TASK DESCRIPTION |
Every line with the word "because" in it should be extracted from the data that follows.

LISTED ENTRIES |
........

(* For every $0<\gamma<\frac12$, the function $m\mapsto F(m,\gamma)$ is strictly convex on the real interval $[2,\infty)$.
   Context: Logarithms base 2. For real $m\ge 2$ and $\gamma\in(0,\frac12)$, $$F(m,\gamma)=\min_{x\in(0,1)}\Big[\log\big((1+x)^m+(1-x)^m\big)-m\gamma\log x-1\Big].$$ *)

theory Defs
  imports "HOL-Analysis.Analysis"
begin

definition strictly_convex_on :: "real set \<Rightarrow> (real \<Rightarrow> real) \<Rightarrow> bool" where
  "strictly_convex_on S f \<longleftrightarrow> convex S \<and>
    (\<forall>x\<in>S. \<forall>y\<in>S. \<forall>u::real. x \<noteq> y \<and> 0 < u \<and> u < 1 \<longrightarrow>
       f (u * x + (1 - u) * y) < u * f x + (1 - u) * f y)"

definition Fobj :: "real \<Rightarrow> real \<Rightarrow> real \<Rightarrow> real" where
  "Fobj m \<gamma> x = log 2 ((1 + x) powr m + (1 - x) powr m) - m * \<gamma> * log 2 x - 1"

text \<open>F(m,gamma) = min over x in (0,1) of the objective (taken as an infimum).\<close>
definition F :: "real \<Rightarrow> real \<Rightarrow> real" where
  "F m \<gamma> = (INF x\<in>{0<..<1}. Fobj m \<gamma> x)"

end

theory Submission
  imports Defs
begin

........

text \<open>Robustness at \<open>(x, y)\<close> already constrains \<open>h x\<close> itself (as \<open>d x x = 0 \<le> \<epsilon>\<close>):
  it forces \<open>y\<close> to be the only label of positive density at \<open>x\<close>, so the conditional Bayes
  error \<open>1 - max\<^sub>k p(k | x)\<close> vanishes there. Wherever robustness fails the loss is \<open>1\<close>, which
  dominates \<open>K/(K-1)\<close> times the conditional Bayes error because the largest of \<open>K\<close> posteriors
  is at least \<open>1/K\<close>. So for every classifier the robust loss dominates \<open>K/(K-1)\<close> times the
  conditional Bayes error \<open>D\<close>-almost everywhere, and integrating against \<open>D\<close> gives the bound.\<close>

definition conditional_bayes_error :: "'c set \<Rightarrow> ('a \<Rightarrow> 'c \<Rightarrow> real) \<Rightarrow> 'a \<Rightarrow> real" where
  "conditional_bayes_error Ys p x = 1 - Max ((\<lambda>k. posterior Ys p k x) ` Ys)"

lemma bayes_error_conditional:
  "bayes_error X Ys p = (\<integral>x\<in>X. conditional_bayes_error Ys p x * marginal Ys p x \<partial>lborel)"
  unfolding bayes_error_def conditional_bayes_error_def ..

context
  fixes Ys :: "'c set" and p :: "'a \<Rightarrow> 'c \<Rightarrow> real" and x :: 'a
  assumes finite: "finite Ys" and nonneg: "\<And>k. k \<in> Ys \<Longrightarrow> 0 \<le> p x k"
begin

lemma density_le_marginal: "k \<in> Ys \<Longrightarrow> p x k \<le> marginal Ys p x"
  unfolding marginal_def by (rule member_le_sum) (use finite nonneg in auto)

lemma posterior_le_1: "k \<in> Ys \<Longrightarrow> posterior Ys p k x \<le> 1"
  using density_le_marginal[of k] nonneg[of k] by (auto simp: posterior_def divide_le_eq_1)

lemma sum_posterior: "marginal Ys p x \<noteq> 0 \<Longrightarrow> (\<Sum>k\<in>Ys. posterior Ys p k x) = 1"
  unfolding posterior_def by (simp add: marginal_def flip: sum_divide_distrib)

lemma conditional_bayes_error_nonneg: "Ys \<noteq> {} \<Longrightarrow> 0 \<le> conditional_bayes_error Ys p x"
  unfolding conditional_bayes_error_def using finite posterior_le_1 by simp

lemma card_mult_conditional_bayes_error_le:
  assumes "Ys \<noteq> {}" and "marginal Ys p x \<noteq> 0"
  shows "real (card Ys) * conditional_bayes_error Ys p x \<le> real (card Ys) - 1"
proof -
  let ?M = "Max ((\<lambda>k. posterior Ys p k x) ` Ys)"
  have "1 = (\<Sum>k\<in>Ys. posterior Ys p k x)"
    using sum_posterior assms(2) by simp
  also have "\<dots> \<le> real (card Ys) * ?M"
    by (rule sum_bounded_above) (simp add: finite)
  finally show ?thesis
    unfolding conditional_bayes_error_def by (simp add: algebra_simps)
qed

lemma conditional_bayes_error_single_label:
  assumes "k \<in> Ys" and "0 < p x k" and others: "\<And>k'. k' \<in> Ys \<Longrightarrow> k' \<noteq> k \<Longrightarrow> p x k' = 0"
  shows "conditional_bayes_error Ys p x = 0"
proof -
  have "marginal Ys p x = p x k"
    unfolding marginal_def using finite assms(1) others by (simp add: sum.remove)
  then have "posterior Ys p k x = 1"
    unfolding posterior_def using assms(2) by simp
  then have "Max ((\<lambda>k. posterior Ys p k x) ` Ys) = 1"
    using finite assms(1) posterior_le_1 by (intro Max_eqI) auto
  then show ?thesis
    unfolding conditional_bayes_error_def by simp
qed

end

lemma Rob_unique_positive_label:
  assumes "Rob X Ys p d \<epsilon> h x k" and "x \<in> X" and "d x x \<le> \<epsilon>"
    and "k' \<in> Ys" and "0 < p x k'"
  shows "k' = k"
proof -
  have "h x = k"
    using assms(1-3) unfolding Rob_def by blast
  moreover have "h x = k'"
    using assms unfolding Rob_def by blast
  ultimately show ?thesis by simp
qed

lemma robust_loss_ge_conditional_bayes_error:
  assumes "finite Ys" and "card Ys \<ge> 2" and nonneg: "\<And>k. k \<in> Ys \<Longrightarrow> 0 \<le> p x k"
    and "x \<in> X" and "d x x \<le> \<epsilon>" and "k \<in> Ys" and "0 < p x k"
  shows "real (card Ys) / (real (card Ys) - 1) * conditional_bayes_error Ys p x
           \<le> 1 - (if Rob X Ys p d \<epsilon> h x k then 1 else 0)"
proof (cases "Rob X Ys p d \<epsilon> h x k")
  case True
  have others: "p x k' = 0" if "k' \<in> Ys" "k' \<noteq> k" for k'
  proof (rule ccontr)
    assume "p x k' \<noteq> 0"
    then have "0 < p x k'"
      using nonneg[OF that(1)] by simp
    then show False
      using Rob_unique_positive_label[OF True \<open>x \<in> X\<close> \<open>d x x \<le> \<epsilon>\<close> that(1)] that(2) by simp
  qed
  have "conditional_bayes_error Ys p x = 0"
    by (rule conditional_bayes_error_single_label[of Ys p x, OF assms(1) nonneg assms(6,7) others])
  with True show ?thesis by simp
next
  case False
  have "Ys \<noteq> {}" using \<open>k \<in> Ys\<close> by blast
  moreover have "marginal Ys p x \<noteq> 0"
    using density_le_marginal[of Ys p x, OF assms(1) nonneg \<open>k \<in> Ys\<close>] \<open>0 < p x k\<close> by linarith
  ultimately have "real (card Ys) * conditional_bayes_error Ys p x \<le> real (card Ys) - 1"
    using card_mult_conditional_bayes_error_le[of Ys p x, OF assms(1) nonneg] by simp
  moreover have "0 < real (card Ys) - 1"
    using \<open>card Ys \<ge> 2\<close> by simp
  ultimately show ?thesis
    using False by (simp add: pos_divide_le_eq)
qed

........

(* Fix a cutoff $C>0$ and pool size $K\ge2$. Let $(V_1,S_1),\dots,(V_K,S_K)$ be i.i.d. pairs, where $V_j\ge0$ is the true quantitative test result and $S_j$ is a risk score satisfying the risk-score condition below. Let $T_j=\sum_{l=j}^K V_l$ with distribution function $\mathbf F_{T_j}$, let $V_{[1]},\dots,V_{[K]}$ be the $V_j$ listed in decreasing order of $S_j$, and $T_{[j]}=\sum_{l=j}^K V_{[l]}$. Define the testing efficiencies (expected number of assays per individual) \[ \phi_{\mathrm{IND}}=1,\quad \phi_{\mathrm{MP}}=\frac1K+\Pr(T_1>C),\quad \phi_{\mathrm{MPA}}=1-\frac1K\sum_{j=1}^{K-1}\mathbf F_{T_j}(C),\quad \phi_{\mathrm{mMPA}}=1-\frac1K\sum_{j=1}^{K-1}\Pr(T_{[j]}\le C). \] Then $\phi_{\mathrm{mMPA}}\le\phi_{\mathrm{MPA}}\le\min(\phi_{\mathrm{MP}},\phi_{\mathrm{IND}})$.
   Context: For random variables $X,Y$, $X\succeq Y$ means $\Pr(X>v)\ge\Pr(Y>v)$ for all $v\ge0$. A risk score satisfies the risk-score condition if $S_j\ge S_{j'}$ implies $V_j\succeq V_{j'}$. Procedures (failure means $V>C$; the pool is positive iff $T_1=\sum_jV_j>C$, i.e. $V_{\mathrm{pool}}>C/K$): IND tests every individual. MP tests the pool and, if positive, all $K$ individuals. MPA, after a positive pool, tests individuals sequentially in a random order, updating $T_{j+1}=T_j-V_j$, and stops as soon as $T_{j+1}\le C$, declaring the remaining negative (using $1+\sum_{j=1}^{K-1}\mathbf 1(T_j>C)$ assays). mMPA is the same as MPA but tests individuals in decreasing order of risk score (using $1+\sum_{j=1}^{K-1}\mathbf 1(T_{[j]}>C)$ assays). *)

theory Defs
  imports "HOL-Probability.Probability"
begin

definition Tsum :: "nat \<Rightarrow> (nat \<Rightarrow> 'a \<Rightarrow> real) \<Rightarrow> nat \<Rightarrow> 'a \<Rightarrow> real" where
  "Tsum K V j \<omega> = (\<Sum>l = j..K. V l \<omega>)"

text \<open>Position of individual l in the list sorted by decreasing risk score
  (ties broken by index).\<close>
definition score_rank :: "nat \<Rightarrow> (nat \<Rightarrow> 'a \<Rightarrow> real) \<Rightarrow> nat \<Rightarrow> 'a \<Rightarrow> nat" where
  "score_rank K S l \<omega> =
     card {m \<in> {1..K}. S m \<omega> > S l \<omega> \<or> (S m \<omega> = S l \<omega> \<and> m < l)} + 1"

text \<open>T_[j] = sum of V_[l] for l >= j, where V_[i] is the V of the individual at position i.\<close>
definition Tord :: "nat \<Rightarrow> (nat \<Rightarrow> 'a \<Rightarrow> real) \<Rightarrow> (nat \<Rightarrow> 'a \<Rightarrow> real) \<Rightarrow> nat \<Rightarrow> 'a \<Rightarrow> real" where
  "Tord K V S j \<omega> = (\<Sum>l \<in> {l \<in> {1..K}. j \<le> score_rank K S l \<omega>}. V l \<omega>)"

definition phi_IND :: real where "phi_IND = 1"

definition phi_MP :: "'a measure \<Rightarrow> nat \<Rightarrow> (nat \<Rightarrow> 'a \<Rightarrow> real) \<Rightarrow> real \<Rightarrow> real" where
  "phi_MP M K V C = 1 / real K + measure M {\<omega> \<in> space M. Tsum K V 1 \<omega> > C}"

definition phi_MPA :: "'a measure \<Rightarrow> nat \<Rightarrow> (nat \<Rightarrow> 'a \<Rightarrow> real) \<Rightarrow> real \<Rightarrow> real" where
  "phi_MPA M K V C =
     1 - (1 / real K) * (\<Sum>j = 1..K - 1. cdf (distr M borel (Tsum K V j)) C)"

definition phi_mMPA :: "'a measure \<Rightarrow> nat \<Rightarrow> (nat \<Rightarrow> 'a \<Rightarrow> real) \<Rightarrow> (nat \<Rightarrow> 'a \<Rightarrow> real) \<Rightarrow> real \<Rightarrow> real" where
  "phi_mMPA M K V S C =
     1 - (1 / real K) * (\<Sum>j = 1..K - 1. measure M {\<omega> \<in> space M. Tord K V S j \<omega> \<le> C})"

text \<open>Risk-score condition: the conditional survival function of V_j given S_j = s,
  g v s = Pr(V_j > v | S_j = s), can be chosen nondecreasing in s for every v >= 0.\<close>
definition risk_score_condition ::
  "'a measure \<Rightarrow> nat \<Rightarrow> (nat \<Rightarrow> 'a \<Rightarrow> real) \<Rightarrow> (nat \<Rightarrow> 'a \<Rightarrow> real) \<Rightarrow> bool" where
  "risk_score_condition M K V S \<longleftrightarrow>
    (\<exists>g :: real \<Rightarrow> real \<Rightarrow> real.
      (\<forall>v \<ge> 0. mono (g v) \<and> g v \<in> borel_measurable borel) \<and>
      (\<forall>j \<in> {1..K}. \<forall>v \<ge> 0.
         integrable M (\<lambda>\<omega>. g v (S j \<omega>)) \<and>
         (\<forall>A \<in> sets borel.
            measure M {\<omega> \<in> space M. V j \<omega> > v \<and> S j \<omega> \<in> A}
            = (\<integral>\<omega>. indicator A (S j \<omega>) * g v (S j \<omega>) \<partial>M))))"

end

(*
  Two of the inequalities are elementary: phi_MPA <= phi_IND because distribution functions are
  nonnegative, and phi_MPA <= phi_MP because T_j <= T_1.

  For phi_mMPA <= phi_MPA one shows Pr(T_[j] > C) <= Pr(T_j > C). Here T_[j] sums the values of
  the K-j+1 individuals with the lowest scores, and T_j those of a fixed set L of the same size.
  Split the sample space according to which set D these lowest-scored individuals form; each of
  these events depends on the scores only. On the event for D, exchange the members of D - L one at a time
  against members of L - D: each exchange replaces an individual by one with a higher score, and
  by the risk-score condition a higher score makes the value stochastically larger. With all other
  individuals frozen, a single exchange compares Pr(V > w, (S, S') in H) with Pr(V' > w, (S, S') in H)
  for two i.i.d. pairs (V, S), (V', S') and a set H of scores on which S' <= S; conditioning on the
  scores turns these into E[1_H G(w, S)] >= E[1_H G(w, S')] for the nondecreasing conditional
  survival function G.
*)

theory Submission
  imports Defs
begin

........

EXPECTED OUTPUT |
  dominates \<open>K/(K-1)\<close> times the conditional Bayes error because the largest of \<open>K\<close> posteriors
  Two of the inequalities are elementary: phi_MPA <= phi_IND because distribution functions are
  nonnegative, and phi_MPA <= phi_MP because T_j <= T_1.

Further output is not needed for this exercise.